* Action item *
Write out again only the lines that run from the start of the entries to the line containing "abs_minus_commute min_def max_def)", both included.

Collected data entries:
lemma abs_diff_le_variation_on:
  fixes a :: "nat \<Rightarrow> real"
  assumes "i \<in> {p..<q}" "j \<in> {p..<q}"
  shows "\<bar>a i - a j\<bar> \<le> (\<Sum>k\<in>{p..<q}. \<bar>a k - a (Suc k)\<bar>)"
proof -
  have "\<bar>a i - a j\<bar> \<le> (\<Sum>k\<in>{min i j..<max i j}. \<bar>a k - a (Suc k)\<bar>)"
    using abs_diff_le_variation[of "min i j" "max i j" a]
    by (cases "i \<le> j") (auto simp: abs_minus_commute min_def max_def)
  also have "\<dots> \<le> (\<Sum>k\<in>{p..<q}. \<bar>a k - a (Suc k)\<bar>)"
    using assms by (intro sum_mono2) auto
  finally show ?thesis .
qed

lemma sum_abs_le_abs_sum_add_variation:
  fixes a :: "nat \<Rightarrow> real"
  shows "(\<Sum>k\<in>{p..<q}. \<bar>a k\<bar>)
           \<le> \<bar>\<Sum>k\<in>{p..<q}. a k\<bar> + real (q - p) * (\<Sum>k\<in>{p..<q}. \<bar>a k - a (Suc k)\<bar>)"
proof -
  let ?I = "{p..<q}" and ?V = "\<Sum>k\<in>{p..<q}. \<bar>a k - a (Suc k)\<bar>"
  have "0 \<le> ?V"
    by (intro sum_nonneg) auto
  consider (pos) "\<forall>k\<in>?I. 0 < a k" | (neg) "\<forall>k\<in>?I. a k < 0"
    | (change) i j where "i \<in> ?I" "a i \<le> 0" "j \<in> ?I" "0 \<le> a j"
    by force
  then show ?thesis
  proof cases
    case pos
    then have "(\<Sum>k\<in>?I. \<bar>a k\<bar>) = (\<Sum>k\<in>?I. a k)" and "0 \<le> (\<Sum>k\<in>?I. a k)"
      by (auto intro!: sum.cong intro: sum_nonneg less_imp_le)
    then show ?thesis
      using \<open>0 \<le> ?V\<close> by simp
  next
    case neg
    then have "(\<Sum>k\<in>?I. \<bar>a k\<bar>) = - (\<Sum>k\<in>?I. a k)" and "(\<Sum>k\<in>?I. a k) \<le> 0"
      by (auto simp: sum_negf[symmetric] intro!: sum.cong intro: sum_nonpos less_imp_le)
    then show ?thesis
      using \<open>0 \<le> ?V\<close> by simp
  next
    case change
    \<comment> \<open>If the sequence changes sign on the interval, every term is dominated by the variation.\<close>
    have "\<bar>a k\<bar> \<le> ?V" if "k \<in> ?I" for k
      using abs_diff_le_variation_on[OF that change(1), of a]
        abs_diff_le_variation_on[OF that change(3), of a] change by linarith
    then have "(\<Sum>k\<in>?I. \<bar>a k\<bar>) \<le> real (q - p) * ?V"
      using sum_bounded_above[of ?I "\<lambda>k. \<bar>a k\<bar>" ?V] by simp
    then show ?thesis
      by linarith
  qed
qed

lemma sum_abs_le_by_chunks:
  fixes a :: "nat \<Rightarrow> real"
  assumes "1 \<le> t" and partial: "\<And>p' q'. p0 \<le> p' \<Longrightarrow> \<bar>\<Sum>k\<in>{p'..<q'}. a k\<bar> \<le> \<epsilon>"
    and "p0 \<le> p"
  shows "(\<Sum>k\<in>{p..<q}. \<bar>a k\<bar>)
           \<le> (real ((q - p) div t) + 1) * \<epsilon> + real t * (\<Sum>k\<in>{p..<q}. \<bar>a k - a (Suc k)\<bar>)"
  using \<open>p0 \<le> p\<close>
proof (induction "q - p" arbitrary: p rule: less_induct)
  case less
  let ?V = "\<lambda>p q. \<Sum>k\<in>{p..<q}. \<bar>a k - a (Suc k)\<bar>"
  have "0 \<le> \<epsilon>"
    using partial[of p0 p0] by simp
  have chunk: "(\<Sum>k\<in>{p..<q'}. \<bar>a k\<bar>) \<le> \<epsilon> + real t * ?V p q'" if "q' - p \<le> t" for q'
  proof -
    have "real (q' - p) * ?V p q' \<le> real t * ?V p q'"
      using that by (intro mult_right_mono) (auto intro: sum_nonneg)
    then show ?thesis
      using sum_abs_le_abs_sum_add_variation[of a p q'] partial[OF less.prems, of q'] by linarith
  qed
  show ?case
  proof (cases "q - p \<le> t")
    case True
    have "0 \<le> real ((q - p) div t) * \<epsilon>"
      using \<open>0 \<le> \<epsilon>\<close> by simp
    then show ?thesis
      using chunk[OF True] by (simp add: distrib_right)
  next
    case False
    let ?m = "p + t"
    have "p \<le> ?m" "?m \<le> q"
      using False by auto
    have IH: "(\<Sum>k\<in>{?m..<q}. \<bar>a k\<bar>) \<le> (real ((q - ?m) div t) + 1) * \<epsilon> + real t * ?V ?m q"
      using less.hyps[of ?m] less.prems \<open>1 \<le> t\<close> False by auto
    have "(q - p) div t = (q - ?m) div t + 1"
      using False \<open>1 \<le> t\<close> by (simp add: le_div_geq)
    moreover have "(\<Sum>k\<in>{p..<q}. \<bar>a k\<bar>) = (\<Sum>k\<in>{p..<?m}. \<bar>a k\<bar>) + (\<Sum>k\<in>{?m..<q}. \<bar>a k\<bar>)"
      and "?V p q = ?V p ?m + ?V ?m q"
      using \<open>p \<le> ?m\<close> \<open>?m \<le> q\<close> by (simp_all add: sum.atLeastLessThan_concat)
    ultimately show ?thesis
      using IH chunk[of ?m] by (simp add: algebra_simps)
  qed
qed

lemma abs_le_variation_bound:
  fixes a :: "nat \<Rightarrow> real"
  assumes "a \<longlonglongrightarrow> 0" and variation: "\<And>Q. (\<Sum>k\<in>{q..<Q}. \<bar>a k - a (Suc k)\<bar>) \<le> B"
  shows "\<bar>a q\<bar> \<le> B"
proof (rule LIMSEQ_le_const2)
  show "(\<lambda>Q. \<bar>a q - a Q\<bar>) \<longlonglongrightarrow> \<bar>a q\<bar>"
    using tendsto_rabs[OF tendsto_diff[OF tendsto_const assms(1)]] by simp
  show "\<exists>N. \<forall>Q\<ge>N. \<bar>a q - a Q\<bar> \<le> B"
    using abs_diff_le_variation variation order_trans by blast
qed

lemma sum_dyadic_blocks:
  fixes f :: "nat \<Rightarrow> 'a::comm_monoid_add"
  shows "(\<Sum>k\<in>{m..<2^R*m}. f k) = (\<Sum>i<R. \<Sum>k\<in>{2^i*m..<2^Suc i*m}. f k)"
proof (induction R)
  case (Suc R)
  have "(\<Sum>k\<in>{m..<2^Suc R*m}. f k) = (\<Sum>k\<in>{m..<2^R*m}. f k) + (\<Sum>k\<in>{2^R*m..<2^Suc R*m}. f k)"
    by (rule sum.atLeastLessThan_concat[symmetric]) auto
  then show ?case
    using Suc by simp
qed simp

lemma sum_le_of_dyadic_block_bounds:
  fixes f :: "nat \<Rightarrow> real"
  assumes nonneg: "\<And>k. 0 \<le> f k" and "0 \<le> K"
    and block: "\<And>m. N \<le> m \<Longrightarrow> (\<Sum>k\<in>{m..<2*m}. f k) \<le> K / real m"
    and "1 \<le> N" "N \<le> P"
  shows "(\<Sum>k\<in>{P..<Q}. f k) \<le> 2 * K / real P"
proof -
  have "Q \<le> 2^Q * P"
    using \<open>1 \<le> N\<close> \<open>N \<le> P\<close> less_exp[of Q] by (metis less_imp_le_nat mult_le_mono2 mult_1_right le_trans)
  then have "(\<Sum>k\<in>{P..<Q}. f k) \<le> (\<Sum>k\<in>{P..<2^Q*P}. f k)"
    using nonneg by (intro sum_mono2) auto
  also have "\<dots> = (\<Sum>i<Q. \<Sum>k\<in>{2^i*P..<2^Suc i*P}. f k)"
    by (rule sum_dyadic_blocks)
  also have "\<dots> \<le> (\<Sum>i<Q. K / real P * (1/2)^i)"
  proof (rule sum_mono)
    fix i
    have "N \<le> 2^i * P"
      using \<open>N \<le> P\<close> by (metis le_trans mult_le_mono1 one_le_numeral one_le_power mult_1)
    then have "(\<Sum>k\<in>{2^i*P..<2^Suc i*P}. f k) \<le> K / real (2^i*P)"
      using block[of "2^i*P"] by (simp add: mult.assoc)
    also have "\<dots> = K / real P * (1/2)^i"
      by (simp add: power_one_over field_simps)
    finally show "(\<Sum>k\<in>{2^i*P..<2^Suc i*P}. f k) \<le> K / real P * (1/2)^i" .
  qed
  also have "\<dots> = K / real P * (\<Sum>i<Q. (1/2::real)^i)"
    by (simp add: sum_distrib_left)
  also have "\<dots> \<le> K / real P * 2"
    using \<open>0 \<le> K\<close> by (intro mult_left_mono) (auto simp: sum_gp_strict)
  finally show ?thesis
    by (simp add: ac_simps)
qed

lemma sum_window_le_dyadic_range:
  fixes f :: "nat \<Rightarrow> real"
  assumes nonneg: "\<And>k. 0 \<le> f k" and "1 < L" "L^2 < 2^R" "1 \<le> n"
  shows "(\<Sum>k\<in>{k. real n / L \<le> real k \<and> real k \<le> L * real n}. f k / real k)
           \<le> L / real n * (\<Sum>k\<in>{nat \<lceil>real n / L\<rceil>..<2^R * nat \<lceil>real n / L\<rceil>}. f k)"
proof -
  define m where "m = nat \<lceil>real n / L\<rceil>"
  define W where "W = {k::nat. real n / L \<le> real k \<and> real k \<le> L * real n}"
  have "0 < real n"
    using \<open>1 \<le> n\<close> by simp
  have W: "m \<le> k" "k < 2^R * m" "1 / real k \<le> L / real n" if "k \<in> W" for k
  proof -
    from that have k1: "real n / L \<le> real k" and k2: "real k \<le> L * real n"
      unfolding W_def by auto
    show "m \<le> k"
      unfolding m_def using k1 by (simp add: ceiling_le nat_le_iff)
    have "L * real n = L^2 * (real n / L)"
      using \<open>1 < L\<close> by (simp add: power2_eq_square)
    also have "\<dots> < 2^R * (real n / L)"
      using \<open>L^2 < 2^R\<close> \<open>0 < real n\<close> \<open>1 < L\<close> by (intro mult_strict_right_mono) auto
    also have "\<dots> \<le> 2^R * real m"
      unfolding m_def by (intro mult_left_mono real_nat_ceiling_ge) auto
    finally have "real k < real (2^R * m)"
      using k2 by simp
    then show "k < 2^R * m"
      by (simp only: of_nat_less_iff)
    have "0 < real n / L"
      using \<open>0 < real n\<close> \<open>1 < L\<close> by simp
    then have "0 < real k"
      using k1 by linarith
    then show "1 / real k \<le> L / real n"
      using k1 \<open>0 < real n\<close> \<open>1 < L\<close> by (simp add: field_simps)
  qed
  have "(\<Sum>k\<in>W. f k / real k) \<le> (\<Sum>k\<in>W. L / real n * f k)"
  proof (rule sum_mono)
    fix k
    assume "k \<in> W"
    then show "f k / real k \<le> L / real n * f k"
      using mult_right_mono[OF W(3) nonneg, of k k] by simp
  qed
  also have "\<dots> \<le> L / real n * (\<Sum>k\<in>{m..<2^R * m}. f k)"
    unfolding sum_distrib_left[symmetric] using W(1,2) nonneg \<open>1 < L\<close>
    by (intro mult_left_mono sum_mono2) auto
  finally show ?thesis
    unfolding W_def m_def .
qed

lemma GMS_variation_le_blocks:
  fixes a :: "nat \<Rightarrow> real"
  assumes "GMS a"
  obtains c L R where "0 \<le> c" "1 < L"
    "\<And>n. 1 \<le> n \<Longrightarrow> (\<Sum>k\<in>{n..2*n}. \<bar>a k - a (Suc k)\<bar>)
       \<le> c / real n * (\<Sum>i<R. \<Sum>k\<in>{2^i * nat \<lceil>real n / L\<rceil>..<2 * (2^i * nat \<lceil>real n / L\<rceil>)}. \<bar>a k\<bar>)"
proof -
  from assms obtain C L where "1 < C" "1 < L" and GMS_ineq: "\<And>n. 1 \<le> n \<Longrightarrow>
      (\<Sum>k\<in>{n..2*n}. \<bar>a k - a (Suc k)\<bar>)
        \<le> C * (\<Sum>k\<in>{k. real n / L \<le> real k \<and> real k \<le> L * real n}. \<bar>a k\<bar> / real k)"
    unfolding GMS_def real_norm_def by blast
  obtain R :: nat where "L^2 < 2^R"
    using real_arch_pow[of 2 "L^2"] by auto
  show ?thesis
  proof (rule that[of "C * L" L R])
    fix n :: nat
    assume "1 \<le> n"
    have "(\<Sum>k\<in>{n..2*n}. \<bar>a k - a (Suc k)\<bar>)
        \<le> C * (L / real n * (\<Sum>k\<in>{nat \<lceil>real n / L\<rceil>..<2^R * nat \<lceil>real n / L\<rceil>}. \<bar>a k\<bar>))"
      using GMS_ineq[OF \<open>1 \<le> n\<close>]
    proof (rule order_trans)
      show "C * (\<Sum>k\<in>{k. real n / L \<le> real k \<and> real k \<le> L * real n}. \<bar>a k\<bar> / real k)
          \<le> C * (L / real n * (\<Sum>k\<in>{nat \<lceil>real n / L\<rceil>..<2^R * nat \<lceil>real n / L\<rceil>}. \<bar>a k\<bar>))"
        using sum_window_le_dyadic_range[of "\<lambda>k. \<bar>a k\<bar>" L R n] \<open>1 < C\<close> \<open>1 < L\<close> \<open>L^2 < 2^R\<close> \<open>1 \<le> n\<close>
        by (intro mult_left_mono) auto
    qed
    then show "(\<Sum>k\<in>{n..2*n}. \<bar>a k - a (Suc k)\<bar>)
       \<le> C * L / real n * (\<Sum>i<R. \<Sum>k\<in>{2^i * nat \<lceil>real n / L\<rceil>..<2 * (2^i * nat \<lceil>real n / L\<rceil>)}. \<bar>a k\<bar>)"
      unfolding sum_dyadic_blocks[of "\<lambda>k. \<bar>a k\<bar>"] by (simp add: mult.assoc)
  qed (use \<open>1 < C\<close> \<open>1 < L\<close> in auto)
qed

lemma le_nat_ceiling_divide:
  assumes "nat \<lceil>L * real N\<rceil> \<le> m" and "0 < L"
  shows "N \<le> nat \<lceil>real m / L\<rceil>"
proof -
  have "L * real N \<le> real m"
    using assms(1) real_nat_ceiling_ge[of "L * real N"] by linarith
  then have "real N \<le> real m / L"
    using \<open>0 < L\<close> by (simp add: field_simps)
  then show ?thesis
    by (simp add: le_nat_iff le_ceiling_iff)
qed

lemma nat_ceiling_divide_le:
  assumes "1 \<le> L"
  shows "nat \<lceil>real n / L\<rceil> \<le> n"
proof -
  have "real n / L \<le> real n"
    using assms mult_right_mono[of 1 L "real n"] by (simp add: field_simps)
  then show ?thesis
    by (simp add: nat_le_iff ceiling_le)
qed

* Solution to the problem *
lemma abs_diff_le_variation_on:
  fixes a :: "nat \<Rightarrow> real"
  assumes "i \<in> {p..<q}" "j \<in> {p..<q}"
  shows "\<bar>a i - a j\<bar> \<le> (\<Sum>k\<in>{p..<q}. \<bar>a k - a (Suc k)\<bar>)"
proof -
  have "\<bar>a i - a j\<bar> \<le> (\<Sum>k\<in>{min i j..<max i j}. \<bar>a k - a (Suc k)\<bar>)"
    using abs_diff_le_variation[of "min i j" "max i j" a]
    by (cases "i \<le> j") (auto simp: abs_minus_commute min_def max_def)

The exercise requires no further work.